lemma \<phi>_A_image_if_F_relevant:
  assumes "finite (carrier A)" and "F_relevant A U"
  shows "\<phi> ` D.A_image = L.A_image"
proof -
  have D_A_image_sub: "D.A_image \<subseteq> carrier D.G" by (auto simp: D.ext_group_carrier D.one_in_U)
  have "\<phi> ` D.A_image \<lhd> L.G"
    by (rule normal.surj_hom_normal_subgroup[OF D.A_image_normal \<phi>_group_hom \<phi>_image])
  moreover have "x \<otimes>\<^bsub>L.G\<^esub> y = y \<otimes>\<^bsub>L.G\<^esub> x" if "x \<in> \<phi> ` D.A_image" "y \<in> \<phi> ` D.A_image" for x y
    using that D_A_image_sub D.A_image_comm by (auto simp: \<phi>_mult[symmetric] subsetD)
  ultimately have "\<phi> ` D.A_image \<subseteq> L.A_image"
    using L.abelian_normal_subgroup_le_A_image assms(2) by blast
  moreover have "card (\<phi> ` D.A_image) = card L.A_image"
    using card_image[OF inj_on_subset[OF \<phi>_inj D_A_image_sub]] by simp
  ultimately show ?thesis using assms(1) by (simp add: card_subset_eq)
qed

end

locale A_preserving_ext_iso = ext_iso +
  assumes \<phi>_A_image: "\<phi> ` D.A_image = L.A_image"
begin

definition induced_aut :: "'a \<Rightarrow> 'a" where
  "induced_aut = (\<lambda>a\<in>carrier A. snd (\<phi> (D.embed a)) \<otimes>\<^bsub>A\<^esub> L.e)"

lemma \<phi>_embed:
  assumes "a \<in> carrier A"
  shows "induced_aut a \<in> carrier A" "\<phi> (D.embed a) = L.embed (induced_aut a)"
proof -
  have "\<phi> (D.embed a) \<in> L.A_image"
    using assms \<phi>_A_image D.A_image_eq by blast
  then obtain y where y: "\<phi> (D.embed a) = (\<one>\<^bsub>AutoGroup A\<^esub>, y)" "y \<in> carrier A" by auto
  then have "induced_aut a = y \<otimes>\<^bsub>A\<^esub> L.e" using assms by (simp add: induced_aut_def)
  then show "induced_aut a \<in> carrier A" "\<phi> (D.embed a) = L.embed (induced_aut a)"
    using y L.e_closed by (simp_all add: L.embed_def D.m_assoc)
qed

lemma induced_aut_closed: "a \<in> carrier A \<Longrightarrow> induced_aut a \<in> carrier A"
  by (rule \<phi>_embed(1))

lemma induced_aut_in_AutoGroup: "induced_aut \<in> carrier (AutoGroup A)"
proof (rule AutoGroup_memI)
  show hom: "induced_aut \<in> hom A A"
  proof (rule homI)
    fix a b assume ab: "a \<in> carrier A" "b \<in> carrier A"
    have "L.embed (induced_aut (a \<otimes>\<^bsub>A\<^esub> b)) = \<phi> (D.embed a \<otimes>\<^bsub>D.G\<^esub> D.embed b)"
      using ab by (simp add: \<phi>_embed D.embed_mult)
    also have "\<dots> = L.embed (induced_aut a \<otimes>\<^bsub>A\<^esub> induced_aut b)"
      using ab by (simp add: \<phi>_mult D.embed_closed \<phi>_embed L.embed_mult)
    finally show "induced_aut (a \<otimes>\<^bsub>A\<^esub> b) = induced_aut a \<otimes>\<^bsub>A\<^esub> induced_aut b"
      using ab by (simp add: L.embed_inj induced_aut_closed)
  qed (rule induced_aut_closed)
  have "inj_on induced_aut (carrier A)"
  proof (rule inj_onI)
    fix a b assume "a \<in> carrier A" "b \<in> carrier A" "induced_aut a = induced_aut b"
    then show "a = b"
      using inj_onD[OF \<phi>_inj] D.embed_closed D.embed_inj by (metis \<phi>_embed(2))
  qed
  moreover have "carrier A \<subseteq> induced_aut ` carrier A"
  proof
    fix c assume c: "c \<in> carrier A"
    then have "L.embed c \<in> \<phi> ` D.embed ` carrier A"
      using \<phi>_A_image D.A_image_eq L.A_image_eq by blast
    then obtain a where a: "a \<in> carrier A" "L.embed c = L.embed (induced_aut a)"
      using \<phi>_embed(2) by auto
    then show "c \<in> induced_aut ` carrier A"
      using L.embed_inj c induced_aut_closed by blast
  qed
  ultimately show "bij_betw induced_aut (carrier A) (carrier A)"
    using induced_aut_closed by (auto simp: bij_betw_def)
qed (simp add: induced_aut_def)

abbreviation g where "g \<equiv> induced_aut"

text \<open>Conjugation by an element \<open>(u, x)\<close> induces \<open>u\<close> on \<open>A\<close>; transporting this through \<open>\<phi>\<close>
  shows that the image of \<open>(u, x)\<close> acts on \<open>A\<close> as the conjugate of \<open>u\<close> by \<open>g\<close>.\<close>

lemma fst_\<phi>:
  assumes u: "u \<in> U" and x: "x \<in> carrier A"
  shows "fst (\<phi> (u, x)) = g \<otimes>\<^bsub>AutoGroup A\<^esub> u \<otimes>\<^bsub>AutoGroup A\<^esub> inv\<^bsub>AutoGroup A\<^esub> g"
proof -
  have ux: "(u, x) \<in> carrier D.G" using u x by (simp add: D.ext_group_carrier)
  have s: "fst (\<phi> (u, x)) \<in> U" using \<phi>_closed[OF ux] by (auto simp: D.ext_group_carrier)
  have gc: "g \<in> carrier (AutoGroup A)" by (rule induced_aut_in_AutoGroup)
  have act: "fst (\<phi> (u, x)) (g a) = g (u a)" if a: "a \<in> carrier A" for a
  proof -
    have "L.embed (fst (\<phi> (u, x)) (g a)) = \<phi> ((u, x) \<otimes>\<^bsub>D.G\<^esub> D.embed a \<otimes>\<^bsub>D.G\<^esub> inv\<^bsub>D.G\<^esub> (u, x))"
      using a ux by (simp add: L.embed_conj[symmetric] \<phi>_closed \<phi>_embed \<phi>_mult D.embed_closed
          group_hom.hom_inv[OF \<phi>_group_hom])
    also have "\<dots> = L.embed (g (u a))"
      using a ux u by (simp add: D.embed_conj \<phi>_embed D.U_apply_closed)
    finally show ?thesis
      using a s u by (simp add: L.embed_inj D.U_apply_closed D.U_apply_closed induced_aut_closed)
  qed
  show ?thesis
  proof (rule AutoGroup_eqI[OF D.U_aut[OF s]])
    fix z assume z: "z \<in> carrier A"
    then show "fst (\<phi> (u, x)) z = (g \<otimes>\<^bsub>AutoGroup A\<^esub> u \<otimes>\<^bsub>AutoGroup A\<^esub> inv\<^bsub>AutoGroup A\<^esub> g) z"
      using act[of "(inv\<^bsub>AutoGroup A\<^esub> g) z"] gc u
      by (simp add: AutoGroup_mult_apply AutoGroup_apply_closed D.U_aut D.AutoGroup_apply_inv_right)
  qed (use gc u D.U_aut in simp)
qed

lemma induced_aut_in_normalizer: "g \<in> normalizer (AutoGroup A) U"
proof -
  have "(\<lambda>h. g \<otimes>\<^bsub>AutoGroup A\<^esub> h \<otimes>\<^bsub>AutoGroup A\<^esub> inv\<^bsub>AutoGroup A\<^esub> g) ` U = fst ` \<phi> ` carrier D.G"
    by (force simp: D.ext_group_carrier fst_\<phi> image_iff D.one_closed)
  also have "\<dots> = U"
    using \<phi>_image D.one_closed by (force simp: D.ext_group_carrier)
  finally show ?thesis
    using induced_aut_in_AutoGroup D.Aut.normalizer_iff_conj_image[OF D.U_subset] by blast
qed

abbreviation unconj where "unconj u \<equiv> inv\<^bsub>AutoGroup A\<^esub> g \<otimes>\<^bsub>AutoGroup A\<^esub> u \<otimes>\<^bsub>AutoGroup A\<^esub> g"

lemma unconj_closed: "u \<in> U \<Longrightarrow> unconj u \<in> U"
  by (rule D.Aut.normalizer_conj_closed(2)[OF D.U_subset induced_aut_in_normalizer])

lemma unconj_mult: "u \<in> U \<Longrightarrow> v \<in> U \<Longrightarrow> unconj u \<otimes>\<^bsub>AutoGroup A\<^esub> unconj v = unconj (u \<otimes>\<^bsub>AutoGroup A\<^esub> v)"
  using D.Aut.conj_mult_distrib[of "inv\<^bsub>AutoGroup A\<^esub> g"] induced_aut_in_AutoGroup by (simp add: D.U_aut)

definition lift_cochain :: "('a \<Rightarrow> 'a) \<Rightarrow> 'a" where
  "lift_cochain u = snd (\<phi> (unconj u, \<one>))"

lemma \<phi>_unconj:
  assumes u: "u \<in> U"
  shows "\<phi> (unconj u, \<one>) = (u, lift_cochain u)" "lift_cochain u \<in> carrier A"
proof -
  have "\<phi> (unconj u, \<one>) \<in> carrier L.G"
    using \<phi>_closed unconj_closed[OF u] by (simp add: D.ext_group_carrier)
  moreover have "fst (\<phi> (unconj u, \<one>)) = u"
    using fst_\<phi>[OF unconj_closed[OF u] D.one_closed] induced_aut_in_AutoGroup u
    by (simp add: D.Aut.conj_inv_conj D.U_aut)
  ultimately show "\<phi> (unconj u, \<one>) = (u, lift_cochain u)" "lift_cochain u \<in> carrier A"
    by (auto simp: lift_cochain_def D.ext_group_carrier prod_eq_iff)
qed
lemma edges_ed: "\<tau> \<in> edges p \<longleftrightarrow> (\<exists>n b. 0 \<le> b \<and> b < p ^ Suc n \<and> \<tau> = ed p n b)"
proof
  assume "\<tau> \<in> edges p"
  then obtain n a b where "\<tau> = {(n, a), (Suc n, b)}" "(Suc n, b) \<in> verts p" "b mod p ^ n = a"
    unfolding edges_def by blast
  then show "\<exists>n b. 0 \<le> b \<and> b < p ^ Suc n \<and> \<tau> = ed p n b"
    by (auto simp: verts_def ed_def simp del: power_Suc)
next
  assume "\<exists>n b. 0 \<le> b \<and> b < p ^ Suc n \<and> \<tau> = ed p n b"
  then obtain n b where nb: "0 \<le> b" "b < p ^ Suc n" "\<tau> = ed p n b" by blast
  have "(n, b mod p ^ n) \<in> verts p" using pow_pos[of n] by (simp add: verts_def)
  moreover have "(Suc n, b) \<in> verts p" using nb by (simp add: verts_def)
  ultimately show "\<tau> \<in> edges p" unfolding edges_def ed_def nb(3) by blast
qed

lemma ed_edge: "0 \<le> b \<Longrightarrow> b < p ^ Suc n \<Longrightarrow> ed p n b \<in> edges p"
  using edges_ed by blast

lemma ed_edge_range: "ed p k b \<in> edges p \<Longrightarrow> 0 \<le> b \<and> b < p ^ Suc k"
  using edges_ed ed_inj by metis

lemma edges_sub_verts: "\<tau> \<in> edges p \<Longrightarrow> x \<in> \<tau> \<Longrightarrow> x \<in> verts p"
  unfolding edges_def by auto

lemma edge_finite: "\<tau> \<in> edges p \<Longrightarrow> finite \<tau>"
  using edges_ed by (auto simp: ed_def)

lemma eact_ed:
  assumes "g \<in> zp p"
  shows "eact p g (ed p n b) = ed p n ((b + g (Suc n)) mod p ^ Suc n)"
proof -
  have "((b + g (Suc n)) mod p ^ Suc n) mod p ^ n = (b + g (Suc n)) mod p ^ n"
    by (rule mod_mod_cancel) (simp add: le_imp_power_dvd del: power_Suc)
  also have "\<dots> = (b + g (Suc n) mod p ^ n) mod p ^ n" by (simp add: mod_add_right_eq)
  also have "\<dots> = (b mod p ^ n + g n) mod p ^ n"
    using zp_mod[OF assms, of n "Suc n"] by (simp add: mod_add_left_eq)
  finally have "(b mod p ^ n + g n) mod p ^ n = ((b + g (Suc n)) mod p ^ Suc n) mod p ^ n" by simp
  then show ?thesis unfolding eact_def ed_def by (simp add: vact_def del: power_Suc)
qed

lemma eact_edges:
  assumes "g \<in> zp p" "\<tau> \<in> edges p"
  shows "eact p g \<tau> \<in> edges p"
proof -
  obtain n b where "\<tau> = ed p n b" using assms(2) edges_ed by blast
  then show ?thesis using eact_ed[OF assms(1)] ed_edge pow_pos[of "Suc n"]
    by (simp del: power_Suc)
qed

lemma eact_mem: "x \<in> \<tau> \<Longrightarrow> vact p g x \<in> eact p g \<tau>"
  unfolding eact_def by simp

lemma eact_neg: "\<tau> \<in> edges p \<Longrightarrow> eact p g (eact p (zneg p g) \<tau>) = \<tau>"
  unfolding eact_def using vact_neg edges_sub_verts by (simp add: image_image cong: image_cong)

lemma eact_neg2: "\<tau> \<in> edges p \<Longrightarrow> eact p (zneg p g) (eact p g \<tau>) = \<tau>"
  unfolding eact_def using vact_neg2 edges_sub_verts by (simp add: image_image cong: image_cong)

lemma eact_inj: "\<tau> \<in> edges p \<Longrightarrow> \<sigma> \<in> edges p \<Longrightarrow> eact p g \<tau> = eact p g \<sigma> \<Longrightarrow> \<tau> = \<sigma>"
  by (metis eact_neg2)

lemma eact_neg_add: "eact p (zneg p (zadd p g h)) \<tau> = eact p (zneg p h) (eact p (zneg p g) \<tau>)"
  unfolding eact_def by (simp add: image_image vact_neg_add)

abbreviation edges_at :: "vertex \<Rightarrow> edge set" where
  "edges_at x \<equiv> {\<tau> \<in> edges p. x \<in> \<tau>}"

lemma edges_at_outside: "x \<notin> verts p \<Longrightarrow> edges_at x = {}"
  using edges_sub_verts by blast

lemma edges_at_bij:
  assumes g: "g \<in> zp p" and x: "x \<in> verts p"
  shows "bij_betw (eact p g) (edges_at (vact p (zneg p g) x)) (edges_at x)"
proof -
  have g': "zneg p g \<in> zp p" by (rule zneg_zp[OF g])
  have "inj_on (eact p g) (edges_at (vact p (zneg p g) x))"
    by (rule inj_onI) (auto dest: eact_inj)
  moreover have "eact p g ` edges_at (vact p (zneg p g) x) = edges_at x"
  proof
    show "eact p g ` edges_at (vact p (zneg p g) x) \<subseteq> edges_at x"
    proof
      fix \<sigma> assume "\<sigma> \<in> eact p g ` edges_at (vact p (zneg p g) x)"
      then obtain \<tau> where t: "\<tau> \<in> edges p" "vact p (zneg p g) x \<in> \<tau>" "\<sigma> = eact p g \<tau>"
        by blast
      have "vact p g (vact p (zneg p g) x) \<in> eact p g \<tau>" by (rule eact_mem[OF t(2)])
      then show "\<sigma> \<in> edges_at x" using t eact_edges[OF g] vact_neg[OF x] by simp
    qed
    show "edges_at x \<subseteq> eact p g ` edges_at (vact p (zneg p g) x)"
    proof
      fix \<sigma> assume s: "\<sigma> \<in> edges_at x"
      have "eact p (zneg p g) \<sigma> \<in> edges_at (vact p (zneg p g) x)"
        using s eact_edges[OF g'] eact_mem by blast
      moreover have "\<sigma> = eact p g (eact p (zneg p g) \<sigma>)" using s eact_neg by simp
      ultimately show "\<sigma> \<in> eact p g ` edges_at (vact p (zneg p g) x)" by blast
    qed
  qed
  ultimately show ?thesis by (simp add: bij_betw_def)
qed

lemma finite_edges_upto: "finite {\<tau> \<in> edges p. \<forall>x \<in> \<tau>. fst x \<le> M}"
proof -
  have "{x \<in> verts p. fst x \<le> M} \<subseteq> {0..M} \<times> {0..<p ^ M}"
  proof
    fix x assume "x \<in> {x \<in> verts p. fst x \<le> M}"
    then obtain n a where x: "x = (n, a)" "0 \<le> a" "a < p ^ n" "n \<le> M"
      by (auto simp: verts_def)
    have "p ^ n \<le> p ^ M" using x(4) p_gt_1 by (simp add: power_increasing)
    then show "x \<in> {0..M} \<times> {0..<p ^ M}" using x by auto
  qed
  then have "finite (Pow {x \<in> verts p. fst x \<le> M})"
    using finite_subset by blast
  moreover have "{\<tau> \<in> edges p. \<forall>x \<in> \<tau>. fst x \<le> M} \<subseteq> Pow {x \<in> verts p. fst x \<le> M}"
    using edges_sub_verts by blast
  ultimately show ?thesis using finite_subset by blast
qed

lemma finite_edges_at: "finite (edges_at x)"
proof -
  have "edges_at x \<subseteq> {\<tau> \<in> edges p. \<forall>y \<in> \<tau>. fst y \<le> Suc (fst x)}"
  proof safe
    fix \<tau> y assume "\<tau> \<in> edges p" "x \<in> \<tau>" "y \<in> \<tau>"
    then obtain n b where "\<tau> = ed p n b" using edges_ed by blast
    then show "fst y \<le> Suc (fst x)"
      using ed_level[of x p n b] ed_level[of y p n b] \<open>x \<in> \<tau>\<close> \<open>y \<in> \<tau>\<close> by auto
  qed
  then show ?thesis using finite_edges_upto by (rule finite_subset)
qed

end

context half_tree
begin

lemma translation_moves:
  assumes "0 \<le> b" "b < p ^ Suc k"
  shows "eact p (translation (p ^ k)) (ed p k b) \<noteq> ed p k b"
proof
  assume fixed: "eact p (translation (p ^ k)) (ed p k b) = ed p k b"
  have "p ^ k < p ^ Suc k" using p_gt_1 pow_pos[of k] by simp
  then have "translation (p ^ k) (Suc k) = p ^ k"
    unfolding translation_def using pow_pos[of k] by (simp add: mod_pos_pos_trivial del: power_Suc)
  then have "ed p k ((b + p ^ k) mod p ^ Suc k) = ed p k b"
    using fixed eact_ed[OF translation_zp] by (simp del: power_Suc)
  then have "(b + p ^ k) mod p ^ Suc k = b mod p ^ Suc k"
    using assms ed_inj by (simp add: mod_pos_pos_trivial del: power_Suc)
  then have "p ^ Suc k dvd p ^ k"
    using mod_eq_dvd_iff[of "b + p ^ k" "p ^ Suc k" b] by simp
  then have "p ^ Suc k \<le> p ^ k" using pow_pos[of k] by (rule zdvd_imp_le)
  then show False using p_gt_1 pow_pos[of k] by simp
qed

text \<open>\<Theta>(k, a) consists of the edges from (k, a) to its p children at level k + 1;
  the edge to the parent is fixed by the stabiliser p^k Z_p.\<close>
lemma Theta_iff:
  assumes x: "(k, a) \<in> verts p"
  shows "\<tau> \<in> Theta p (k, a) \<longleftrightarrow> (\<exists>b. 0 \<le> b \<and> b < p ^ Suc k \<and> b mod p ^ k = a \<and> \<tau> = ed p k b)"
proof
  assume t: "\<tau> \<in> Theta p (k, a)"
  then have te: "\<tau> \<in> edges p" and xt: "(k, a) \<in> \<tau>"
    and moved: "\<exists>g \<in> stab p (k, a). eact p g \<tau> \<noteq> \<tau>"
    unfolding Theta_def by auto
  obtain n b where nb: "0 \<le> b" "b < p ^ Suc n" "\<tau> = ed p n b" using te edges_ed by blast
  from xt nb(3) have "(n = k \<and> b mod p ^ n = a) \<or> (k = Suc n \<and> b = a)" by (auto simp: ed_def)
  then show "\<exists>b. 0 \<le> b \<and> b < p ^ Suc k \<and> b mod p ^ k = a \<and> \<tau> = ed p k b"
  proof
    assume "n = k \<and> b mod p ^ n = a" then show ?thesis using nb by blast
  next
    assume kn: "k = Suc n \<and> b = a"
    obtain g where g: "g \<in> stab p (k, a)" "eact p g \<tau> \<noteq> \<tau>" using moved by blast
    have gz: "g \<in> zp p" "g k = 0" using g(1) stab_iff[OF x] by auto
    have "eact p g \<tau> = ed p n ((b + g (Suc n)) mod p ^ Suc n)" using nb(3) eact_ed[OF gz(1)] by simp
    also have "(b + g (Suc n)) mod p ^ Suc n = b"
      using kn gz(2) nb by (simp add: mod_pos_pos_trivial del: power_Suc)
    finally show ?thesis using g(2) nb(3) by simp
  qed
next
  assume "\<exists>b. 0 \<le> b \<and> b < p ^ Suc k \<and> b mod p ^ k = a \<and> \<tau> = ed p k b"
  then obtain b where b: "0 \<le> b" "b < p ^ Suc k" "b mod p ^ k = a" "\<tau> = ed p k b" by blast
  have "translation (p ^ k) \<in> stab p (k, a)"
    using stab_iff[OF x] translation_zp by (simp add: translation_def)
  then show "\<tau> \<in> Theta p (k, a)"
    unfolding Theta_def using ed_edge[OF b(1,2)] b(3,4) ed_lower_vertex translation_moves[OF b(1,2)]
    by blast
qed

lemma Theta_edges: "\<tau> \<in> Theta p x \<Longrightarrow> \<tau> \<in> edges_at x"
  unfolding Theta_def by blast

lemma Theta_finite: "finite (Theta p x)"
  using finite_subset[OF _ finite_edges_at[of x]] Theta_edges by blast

——————

▶ WHAT YOU NEED TO DO
Copy every line of the material in which the word "equiv" occurs.

▶ FINISHED EXERCISE
abbreviation g where "g \<equiv> induced_aut"
abbreviation unconj where "unconj u \<equiv> inv\<^bsub>AutoGroup A\<^esub> g \<otimes>\<^bsub>AutoGroup A\<^esub> u \<otimes>\<^bsub>AutoGroup A\<^esub> g"
  "edges_at x \<equiv> {\<tau> \<in> edges p. x \<in> \<tau>}"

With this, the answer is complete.